Along with knowledge, it’s also important to share relationships. Bottleneck leaders often take on a disproportionate share of equations with clients, partners and other stakeholders. If this sounds familiar, now is a good time to start handing over some of these relationships to trustworthy employees who have proven their mettle.

5. Develop rules-of-thumb.

Another excellent suggestion from Penner is to create heuristics — simple guiding principles that help employees make choices and act in alignment with the company’s core mission. Examples include Southwest Airlines (“We are THE low-cost airline”) and Patagonia (“We’re in business to save our home planet”). These clear, catchy rules offer a benchmark for daily decision-making.

6. Cultivate future leaders.

Ultimately, if you don’t trust your team, you will have the constant itch to be involved in everything. So, hire right and develop confidence in your leaders. Bring on board individuals who will fit in with your context and culture. At the same time, nurture and develop your internal talent. Accelerate their progress through increased responsibilities and opportunities, supported by training and development. Cultivating future leaders not only helps to retain top talent and bolster current momentum but also enables the organization to continue thriving once you redefine your role.

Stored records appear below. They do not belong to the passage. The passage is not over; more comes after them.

(* Let $\rho$ be a density operator on a $d$-dimensional complex Hilbert space $\mathbb{H}$, let $\{\ket{a_i}\}_{i=1}^d$ be an orthonormal basis and $\{\ket{b_k}\}_{k=1}^d$ an orthonormal basis mutually unbiased with respect to $\{\ket{a_i}\}$ (i.e. $|\langle a_i|b_k\rangle|^2 = 1/d$ for all $i,k$). Define the extended KD distribution $Q^\star_{i,j,k} = \langle a_j|b_k\rangle\langle b_k|a_i\rangle\langle a_i|\rho|a_j\rangle$, the moments $r_n = \sum_{i,j,k} (Q^\star_{i,j,k})^n$, and for a positive integer $m$ the $(m+1)\times(m+1)$ Hankel matrix $H_m(\mathbf{r})$ with entries $[H_m(\mathbf{r})]_{ij} = r_{i+j+1}$, $i,j\in\{0,\dots,m\}$. If for some positive integer $m$ the inequality $-\det[H_m(\mathbf{r})] > 0$ holds (in particular $\det[H_m(\mathbf{r})]$ is real), then $\rho$ has nonzero $\ell_1$-norm of coherence in the basis $\{\ket{a_i}\}$, i.e. $\mathcal{C}_{\ell_1}(\rho,\{\ket{a_i}\}) := \sum_{i\neq j} |\langle a_i|\rho|a_j\rangle| > 0$.
   Context: The $\ell_1$-norm of coherence of $\rho$ with respect to the basis $\{\ket{a_i}\}$ is the sum of the absolute values of the off-diagonal entries of $\rho$ in that basis. *)

theory Defs
  imports "HOL-Analysis.Analysis"
begin

text \<open>Hilbert space: complex^'n, with 'n a finite type of cardinality d.
  Inner product antilinear in the first argument (Dirac bra-ket convention).\<close>
definition braket :: "complex^'n \<Rightarrow> complex^'n \<Rightarrow> complex" where
  "braket x y = (\<Sum>i\<in>UNIV. cnj (x $ i) * y $ i)"

definition density_operator :: "complex^'n^'n \<Rightarrow> bool" where
  "density_operator \<rho> \<longleftrightarrow>
     (\<forall>i j. \<rho> $ i $ j = cnj (\<rho> $ j $ i)) \<and>
     (\<forall>v. Im (braket v (\<rho> *v v)) = 0 \<and> Re (braket v (\<rho> *v v)) \<ge> 0) \<and>
     (\<Sum>i\<in>UNIV. \<rho> $ i $ i) = 1"

definition orthonormal_basis :: "('n::finite \<Rightarrow> complex^'n) \<Rightarrow> bool" where
  "orthonormal_basis a \<longleftrightarrow> (\<forall>i j. braket (a i) (a j) = (if i = j then 1 else 0))"

definition mutually_unbiased :: "('n::finite \<Rightarrow> complex^'n) \<Rightarrow> ('n \<Rightarrow> complex^'n) \<Rightarrow> bool" where
  "mutually_unbiased a b \<longleftrightarrow> (\<forall>i k. (cmod (braket (a i) (b k)))^2 = 1 / real CARD('n))"

definition KD_ext :: "complex^'n^'n \<Rightarrow> ('n \<Rightarrow> complex^'n) \<Rightarrow> ('n \<Rightarrow> complex^'n) \<Rightarrow> 'n \<Rightarrow> 'n \<Rightarrow> 'n \<Rightarrow> complex" where
  "KD_ext \<rho> a b i j k = braket (a j) (b k) * braket (b k) (a i) * braket (a i) (\<rho> *v a j)"

definition KD_moment :: "complex^'n^'n \<Rightarrow> ('n::finite \<Rightarrow> complex^'n) \<Rightarrow> ('n \<Rightarrow> complex^'n) \<Rightarrow> nat \<Rightarrow> complex" where
  "KD_moment \<rho> a b n = (\<Sum>i\<in>UNIV. \<Sum>j\<in>UNIV. \<Sum>k\<in>UNIV. (KD_ext \<rho> a b i j k) ^ n)"

definition det_sq :: "nat \<Rightarrow> (nat \<Rightarrow> nat \<Rightarrow> complex) \<Rightarrow> complex" where
  "det_sq m M = (\<Sum>p\<in>{p. p permutes {0..m}}. of_int (sign p) * (\<Prod>i\<in>{0..m}. M i (p i)))"

definition hankel :: "(nat \<Rightarrow> complex) \<Rightarrow> nat \<Rightarrow> nat \<Rightarrow> complex" where
  "hankel r i j = r (i + j + 1)"

definition coherence_l1 :: "complex^'n^'n \<Rightarrow> ('n::finite \<Rightarrow> complex^'n) \<Rightarrow> real" where
  "coherence_l1 \<rho> a = (\<Sum>i\<in>UNIV. \<Sum>j\<in>UNIV - {i}. cmod (braket (a i) (\<rho> *v a j)))"

end

theory Submission
  imports Defs "Jordan_Normal_Form.Determinant"
begin

(* If the l1-coherence of rho vanishes, rho is diagonal in the basis a, with diagonal p_i >= 0.
   Mutual unbiasedness then collapses the extended KD distribution to Q_{ijk} = delta_ij p_i / d,
   so r_{n+1} = sum_i p_i (p_i / d)^n: the Hankel matrix H_m(r) is the moment matrix of the
   positive discrete measure sum_i p_i delta_{p_i/d}, and such matrices have nonnegative
   determinant. *)

definition vandermonde_mat :: "nat \<Rightarrow> (nat \<Rightarrow> 'a::comm_ring_1) \<Rightarrow> 'a mat" where
  "vandermonde_mat n y = mat n n (\<lambda>(i, j). y i ^ j)"

definition moment_mat :: "nat \<Rightarrow> 'l set \<Rightarrow> ('l \<Rightarrow> 'a::comm_ring_1) \<Rightarrow> ('l \<Rightarrow> 'a) \<Rightarrow> 'a mat" where
  "moment_mat n L c x = mat n n (\<lambda>(i, j). \<Sum>l\<in>L. c l * x l ^ (i + j))"

lemma det_vandermonde_mat:
  "det (vandermonde_mat n y) = (\<Sum>p | p permutes {0..<n}. signof p * (\<Prod>i = 0..<n. y i ^ p i))"
  unfolding vandermonde_mat_def
  by (subst det_def'[of _ n])
    (auto intro!: sum.cong[OF refl] prod.cong[OF refl] simp: permutes_in_image)

lemma det_vandermonde_mat_col:
  "det (vandermonde_mat n y) = (\<Sum>p | p permutes {0..<n}. signof p * (\<Prod>j = 0..<n. y (p j) ^ j))"
  unfolding vandermonde_mat_def
  by (subst det_col[of _ n])
    (auto intro!: sum.cong[OF refl] prod.cong[OF refl] simp: permutes_in_image atLeast0LessThan)

lemma det_vandermonde_mat_permute:
  assumes "\<sigma> permutes {0..<n}"
  shows "det (vandermonde_mat n (y \<circ> \<sigma>)) = signof \<sigma> * det (vandermonde_mat n y)"
proof -
  have "det (vandermonde_mat n (y \<circ> \<sigma>)) = det (mat n n (\<lambda>(i, j). vandermonde_mat n y $$ (\<sigma> i, j)))"
    using permutes_in_image[OF assms]
    by (intro arg_cong[where f = det] eq_matI) (auto simp: vandermonde_mat_def)
  also have "\<dots> = signof \<sigma> * det (vandermonde_mat n y)"
    by (rule det_permute_rows[OF _ assms]) (simp add: vandermonde_mat_def)
  finally show ?thesis .
qed

lemma det_moment_mat_expand:
  assumes "finite L"
  shows "det (moment_mat n L c x) =
    (\<Sum>f\<in>{0..<n} \<rightarrow>\<^sub>E L.
      (\<Prod>i = 0..<n. c (f i) * x (f i) ^ i) * det (vandermonde_mat n (x \<circ> f)))"
proof -
  let ?P = "{p. p permutes {0..<n}}"
  have "det (moment_mat n L c x) =
      (\<Sum>p\<in>?P. signof p * (\<Prod>i = 0..<n. \<Sum>l\<in>L. c l * x l ^ i * x l ^ p i))"
    unfolding moment_mat_def
    by (subst det_def'[of _ n])
      (auto intro!: sum.cong[OF refl] prod.cong[OF refl] simp: permutes_in_image power_add mult.assoc)
  also have "\<dots> = (\<Sum>p\<in>?P. signof p * (\<Sum>f\<in>{0..<n} \<rightarrow>\<^sub>E L.
      \<Prod>i = 0..<n. c (f i) * x (f i) ^ i * x (f i) ^ p i))"
    by (simp add: prod_sum_PiE assms)
  also have "\<dots> = (\<Sum>p\<in>?P. \<Sum>f\<in>{0..<n} \<rightarrow>\<^sub>E L.
      (\<Prod>i = 0..<n. c (f i) * x (f i) ^ i) * (signof p * (\<Prod>i = 0..<n. x (f i) ^ p i)))"
    by (simp add: sum_distrib_left prod.distrib mult_ac)
  also have "\<dots> = (\<Sum>f\<in>{0..<n} \<rightarrow>\<^sub>E L.
      (\<Prod>i = 0..<n. c (f i) * x (f i) ^ i) * det (vandermonde_mat n (x \<circ> f)))"
    by (subst sum.swap) (simp add: det_vandermonde_mat sum_distrib_left)
  finally show ?thesis .
qed

lemma sum_PiE_permute:
  assumes "\<sigma> permutes A"
  shows "(\<Sum>f\<in>A \<rightarrow>\<^sub>E B. g (f \<circ> \<sigma>)) = (\<Sum>f\<in>A \<rightarrow>\<^sub>E B. g f)"
proof (rule sum.reindex_bij_betw)
  have closed: "f \<circ> \<tau> \<in> A \<rightarrow>\<^sub>E B" if "f \<in> A \<rightarrow>\<^sub>E B" "\<tau> permutes A" for f \<tau>
    using that by (auto simp: PiE_iff extensional_def permutes_in_image permutes_not_in)
  show "bij_betw (\<lambda>f. f \<circ> \<sigma>) (A \<rightarrow>\<^sub>E B) (A \<rightarrow>\<^sub>E B)"
    by (rule bij_betwI[where g = "\<lambda>f. f \<circ> inv_into UNIV \<sigma>"])
      (simp_all add: closed assms permutes_inv comp_assoc permutes_inv_o[OF assms])
qed

lemma sum_permutes_signof_moment_weights:
  "(\<Sum>\<sigma> | \<sigma> permutes {0..<n}. signof \<sigma> * (\<Prod>i = 0..<n. c (f (\<sigma> i)) * x (f (\<sigma> i)) ^ i))
    = (\<Prod>i = 0..<n. c (f i)) * det (vandermonde_mat n (x \<circ> f))"
proof (subst det_vandermonde_mat_col, subst sum_distrib_left, rule sum.cong[OF refl])
  fix \<sigma> assume "\<sigma> \<in> {\<sigma>. \<sigma> permutes {0..<n}}"
  then have "(\<Prod>i = 0..<n. c (f (\<sigma> i))) = (\<Prod>i = 0..<n. c (f i))"
    using prod.permute[of \<sigma> "{0..<n}" "c \<circ> f"] by (simp add: comp_def)
  then show "signof \<sigma> * (\<Prod>i = 0..<n. c (f (\<sigma> i)) * x (f (\<sigma> i)) ^ i) =
      (\<Prod>i = 0..<n. c (f i)) * (signof \<sigma> * (\<Prod>j = 0..<n. (x \<circ> f) (\<sigma> j) ^ j))"
    by (simp add: prod.distrib)
qed

lemma det_moment_mat_nonneg:
  fixes c x :: "'l \<Rightarrow> 'a::linordered_idom"
  assumes "finite L" and "\<And>l. l \<in> L \<Longrightarrow> c l \<ge> 0"
  shows "det (moment_mat n L c x) \<ge> 0"
proof -
  (* Averaging the expansion over all relabellings f o sigma gives the Heine identity
     n! det M = sum_f (prod_i c (f i)) * det (vandermonde_mat n (x o f))^2. *)
  let ?P = "{\<sigma>. \<sigma> permutes {0..<n}}" and ?F = "{0..<n} \<rightarrow>\<^sub>E L"
  define w where "w f = (\<Prod>i = 0..<n. c (f i) * x (f i) ^ i)" for f
  define V where "V f = det (vandermonde_mat n (x \<circ> f))" for f
  have "of_nat (card ?P) * det (moment_mat n L c x) = (\<Sum>\<sigma>\<in>?P. \<Sum>f\<in>?F. w f * V f)"
    by (simp add: det_moment_mat_expand[OF assms(1)] w_def V_def)
  also have "\<dots> = (\<Sum>\<sigma>\<in>?P. \<Sum>f\<in>?F. w (f \<circ> \<sigma>) * V (f \<circ> \<sigma>))"
    by (rule sum.cong[OF refl], rule sum_PiE_permute[symmetric]) simp
  also have "\<dots> = (\<Sum>\<sigma>\<in>?P. \<Sum>f\<in>?F. signof \<sigma> * w (f \<circ> \<sigma>) * V f)"
    by (intro sum.cong refl) (simp add: V_def comp_assoc[symmetric] det_vandermonde_mat_permute)
  also have "\<dots> = (\<Sum>f\<in>?F. (\<Sum>\<sigma>\<in>?P. signof \<sigma> * w (f \<circ> \<sigma>)) * V f)"
    by (subst sum.swap) (simp add: sum_distrib_right)
  also have "\<dots> = (\<Sum>f\<in>?F. (\<Prod>i = 0..<n. c (f i)) * (V f)\<^sup>2)"
    by (simp add: w_def V_def sum_permutes_signof_moment_weights power2_eq_square mult.assoc)
  finally have "of_nat (card ?P) * det (moment_mat n L c x) =
      (\<Sum>f\<in>?F. (\<Prod>i = 0..<n. c (f i)) * (V f)\<^sup>2)" .
  moreover have "(\<Sum>f\<in>?F. (\<Prod>i = 0..<n. c (f i)) * (V f)\<^sup>2) \<ge> 0"
    by (intro sum_nonneg mult_nonneg_nonneg prod_nonneg) (auto simp: PiE_iff assms(2))
  moreover have "card ?P > 0"
    by (metis card_gt_0_iff empty_iff finite_atLeastLessThan finite_permutations
        mem_Collect_eq permutes_id)
  ultimately show ?thesis
    by (metis mult_pos_neg not_le of_nat_0_less_iff)
qed

lemma braket_swap: "braket y x = cnj (braket x y)"
  unfolding braket_def by (simp add: mult.commute)

lemma coherence_l1_nonneg: "coherence_l1 \<rho> a \<ge> 0"
  unfolding coherence_l1_def by (intro sum_nonneg) auto

lemma coherence_l1_eq_0_iff:
  "coherence_l1 \<rho> a = 0 \<longleftrightarrow> (\<forall>i j. i \<noteq> j \<longrightarrow> braket (a i) (\<rho> *v a j) = 0)"
proof -
  have "coherence_l1 \<rho> a = 0 \<longleftrightarrow> (\<forall>i. \<forall>j\<in>UNIV - {i}. cmod (braket (a i) (\<rho> *v a j)) = 0)"
    unfolding coherence_l1_def by (simp add: sum_nonneg_eq_0_iff sum_nonneg)
  then show ?thesis
    by auto
qed

lemma density_operator_expectation_real:
  assumes "density_operator \<rho>"
  shows "braket v (\<rho> *v v) = of_real (Re (braket v (\<rho> *v v)))"
  using assms unfolding density_operator_def by (simp add: complex_eq_iff)

lemma density_operator_expectation_nonneg:
  assumes "density_operator \<rho>"
  shows "Re (braket v (\<rho> *v v)) \<ge> 0"
  using assms unfolding density_operator_def by simp

lemma mutually_unbiased_overlap:
  fixes a b :: "'n::finite \<Rightarrow> complex^'n"
  assumes "mutually_unbiased a b"
  shows "braket (a i) (b k) * braket (b k) (a i) = 1 / of_nat CARD('n)"
proof -
  have "braket (a i) (b k) * braket (b k) (a i) = of_real ((cmod (braket (a i) (b k)))\<^sup>2)"
    using complex_norm_square[of "braket (a i) (b k)"] by (simp add: braket_swap[of "b k"])
  with assms show ?thesis
    unfolding mutually_unbiased_def by simp
qed

lemma KD_ext_incoherent:
  fixes a b :: "'n::finite \<Rightarrow> complex^'n"
  assumes "mutually_unbiased a b" and "\<forall>i j. i \<noteq> j \<longrightarrow> braket (a i) (\<rho> *v a j) = 0"
  shows "KD_ext \<rho> a b i j k = (if i = j then braket (a i) (\<rho> *v a i) / of_nat CARD('n) else 0)"
  using assms mutually_unbiased_overlap[OF assms(1)] unfolding KD_ext_def by auto

lemma KD_moment_Suc_incoherent:
  fixes a b :: "'n::finite \<Rightarrow> complex^'n"
  assumes "mutually_unbiased a b" and "\<forall>i j. i \<noteq> j \<longrightarrow> braket (a i) (\<rho> *v a j) = 0"
  defines "q i \<equiv> braket (a i) (\<rho> *v a i)"
  shows "KD_moment \<rho> a b (Suc n) = (\<Sum>i\<in>UNIV. q i * (q i / of_nat CARD('n)) ^ n)"
proof -
  let ?d = "of_nat CARD('n) :: complex"
  have "KD_ext \<rho> a b i j k ^ Suc n = (if i = j then (q i / ?d) ^ Suc n else 0)" for i j k
    by (simp add: KD_ext_incoherent[OF assms(1,2)] q_def)
  then have "KD_moment \<rho> a b (Suc n) = (\<Sum>i\<in>UNIV. ?d * (q i / ?d) ^ Suc n)"
    unfolding KD_moment_def by (simp add: if_distrib[of "(*) ?d"] cong: if_cong)
  also have "\<dots> = (\<Sum>i\<in>UNIV. q i * (q i / ?d) ^ n)"
    by simp
  finally show ?thesis .
qed

lemma det_sq_of_real:
  "det_sq m (\<lambda>i j. of_real (R i j)) = of_real (det (mat (Suc m) (Suc m) (\<lambda>(i, j). R i j)))"
proof -
  have "p i < Suc m" if "p permutes {0..m}" "i \<le> m" for p i
    using permutes_in_image[OF that(1), of i] that(2) by simp
  then have "det (mat (Suc m) (Suc m) (\<lambda>(i, j). R i j)) =
      (\<Sum>p | p permutes {0..m}. signof p * (\<Prod>i = 0..m. R i (p i)))"
    by (subst det_def'[of _ "Suc m"])
      (auto intro!: sum.cong[OF refl] prod.cong[OF refl] simp: atLeastLessThanSuc_atLeastAtMost)
  then show ?thesis
    unfolding det_sq_def by (simp add: of_real_sum of_real_prod)
qed

theorem theorem3:
  fixes \<rho> :: "complex^'n^'n" and a b :: "'n \<Rightarrow> complex^'n" and m :: nat
  assumes "density_operator \<rho>"
    and "orthonormal_basis a" and "orthonormal_basis b"
    and "mutually_unbiased a b"
    and "m \<ge> 1"
    and "Im (det_sq m (hankel (KD_moment \<rho> a b))) = 0"
    and "- Re (det_sq m (hankel (KD_moment \<rho> a b))) > 0"
  shows "coherence_l1 \<rho> a > 0"
proof (rule ccontr)
  assume "\<not> coherence_l1 \<rho> a > 0"
  then have incoherent: "\<forall>i j. i \<noteq> j \<longrightarrow> braket (a i) (\<rho> *v a j) = 0"
    using coherence_l1_nonneg coherence_l1_eq_0_iff by (metis less_eq_real_def)
  define p where "p i = Re (braket (a i) (\<rho> *v a i))" for i
  define d where "d = real CARD('n)"
  have "braket (a l) (\<rho> *v a l) = of_real (p l)" for l
    unfolding p_def by (rule density_operator_expectation_real[OF assms(1)])
  then have "hankel (KD_moment \<rho> a b) = (\<lambda>i j. of_real (\<Sum>l\<in>UNIV. p l * (p l / d) ^ (i + j)))"
    by (intro ext) (simp add: hankel_def KD_moment_Suc_incoherent[OF assms(4) incoherent] d_def)
  then have "Re (det_sq m (hankel (KD_moment \<rho> a b))) =
      det (moment_mat (Suc m) UNIV p (\<lambda>l. p l / d))"
    by (simp only: det_sq_of_real Re_complex_of_real moment_mat_def)
  moreover have "det (moment_mat (Suc m) UNIV p (\<lambda>l. p l / d)) \<ge> 0"
    using density_operator_expectation_nonneg[OF assms(1)]
    by (intro det_moment_mat_nonneg) (simp_all add: p_def)
  ultimately show False
    using assms(7) by linarith
qed

end
(* Let $\lambda_1,\lambda_2$ be as in the context and, for each $c>0$, let $\widetilde{\theta_c}$ be the unique $\theta\in(0,\frac{\pi}{2})\cap(0,\theta_c^+)$ with $H(c,\theta)=0$. Then $\lim_{c\to+\infty}\widetilde{\theta_c}=\frac{\pi}{2}$.
   Context: Either $\lambda_1>\lambda_2>0$ or $\lambda_1=\lambda_2=1$. For $c>0$ put $\theta_c^+=\pi$ if $c>\sqrt2\lambda_1$ and $\theta_c^+=\arccos(1-c^2/\lambda_1^2)$ if $0<c\le\sqrt2\lambda_1$; $\Omega=\{(c,\theta): c>0,\ |\theta|<\theta_c^+\}$. For $(c,\theta)\in\Omega$: $D=\sin\theta/c$; $\varphi$ is the global solution of $\varphi'(u)=\sqrt{c^2+2\cos\theta\,B(u)-D^2B(u)^2}$, $\varphi(0)=0$, where $B(u)=\lambda_1^2\cos^2\varphi(u)+\lambda_2^2\sin^2\varphi(u)$; $U>0$ is the unique number with $\varphi(U)=\pi$; $f$ solves $f'(u)=DB(u)$, $f(0)=0$; $G(u)=\int_0^u\frac{c-\varphi'(s)}{B(s)}ds$; $H(c,\theta)=Df(U)+cG(U)$. For every $c>0$ there is exactly one $\theta\in(0,\pi/2)\cap(0,\theta_c^+)$ with $H(c,\theta)=0$. *)

theory Defs
  imports "HOL-Analysis.Analysis"
begin

definition theta_plus :: "real \<Rightarrow> real \<Rightarrow> real" where
  "theta_plus l1 c = (if c > sqrt 2 * l1 then pi else arccos (1 - c\<^sup>2 / l1\<^sup>2))"

definition Bfun :: "real \<Rightarrow> real \<Rightarrow> real \<Rightarrow> real" where
  "Bfun l1 l2 x = l1\<^sup>2 * (cos x)\<^sup>2 + l2\<^sup>2 * (sin x)\<^sup>2"

definition Dfun :: "real \<Rightarrow> real \<Rightarrow> real" where
  "Dfun c \<theta> = sin \<theta> / c"

definition rhs :: "real \<Rightarrow> real \<Rightarrow> real \<Rightarrow> real \<Rightarrow> real \<Rightarrow> real" where
  "rhs l1 l2 c \<theta> x = sqrt (c\<^sup>2 + 2 * cos \<theta> * Bfun l1 l2 x - (Dfun c \<theta>)\<^sup>2 * (Bfun l1 l2 x)\<^sup>2)"
lemma switching_weight:
  assumes "length d = m" "i<m" "j<m" "i\<noteq>j" "d!i = k" "d!j = 2" "3 \<le> k"
  shows "weight (d[i:=k-1, j:=3]) = real k / 3 * weight d"
proof -
  have fk: "fact k = real k * fact (k-1)" using assms(7) by (intro fact_reduce) simp
  have pd: "prod_list (map fact d) > (0::real)" by (induct d) auto
  have "prod_list (map fact (d[i:=k-1, j:=3])) * (real k * fact (k-1)) * 2
        = prod_list (map fact d) * fact (k-1) * (6::real)"
    using update_two(2)[OF assms(1-4), of "k-1" 3] assms(5,6) fk by (simp add: numeral_3_eq_3)
  hence "prod_list (map fact (d[i:=k-1, j:=3])) = prod_list (map fact d) * 3 / real k"
    using assms(7) by (simp add: field_simps)
  thus ?thesis unfolding weight_def using pd assms(7) by simp
qed

definition slot_weight :: "nat \<Rightarrow> nat \<Rightarrow> nat \<Rightarrow> nat \<Rightarrow> real" where
  "slot_weight m r i k = (\<Sum>d\<in>{d\<in>ge2_vectors m r. d!i = k}. weight d)"

lemma slot_weight_nonneg: "0 \<le> slot_weight m r i k"
  unfolding slot_weight_def using weight_pos by (simp add: sum_nonneg less_imp_le)

lemma slot_weight_le_total: "slot_weight m r i k \<le> (\<Sum>d\<in>ge2_vectors m r. weight d)"
  unfolding slot_weight_def using weight_pos finite_ge2_vectors
  by (intro sum_mono2) (auto simp: less_imp_le)

lemma marked_weight_sum:
  "(\<Sum>p\<in>marked m r i k h. weight (fst p))
   = (\<Sum>d\<in>{d\<in>ge2_vectors m r. d!i = k}. real (card {j. j<m \<and> j\<noteq>i \<and> d!j = h}) * weight d)"
proof -
  have "(\<Sum>d\<in>{d\<in>ge2_vectors m r. d!i = k}. \<Sum>j\<in>{j. j<m \<and> j\<noteq>i \<and> d!j = h}. weight d)
        = (\<Sum>(d,j)\<in>marked m r i k h. weight d)"
    unfolding marked_def using finite_ge2_vectors by (intro sum.Sigma) auto
  thus ?thesis by (simp add: split_def)
qed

The Theory of Constraints tells us that the output of a system is determined by one bottleneck. When the leader becomes the constraint, they limit the capacity and growth of the entire organization. If you are the reason your company has plateaued, don’t stick your head in the sand. Stop being a barrier by distributing authority, sharing knowledge and giving your employees the support they need to grow into more ambitious roles. Boost your personal impact by focusing on high-impact leadership tasks, instead of getting mired in the nitty-gritty of work that can be handled equally well (or even better!) by talented people in your organization.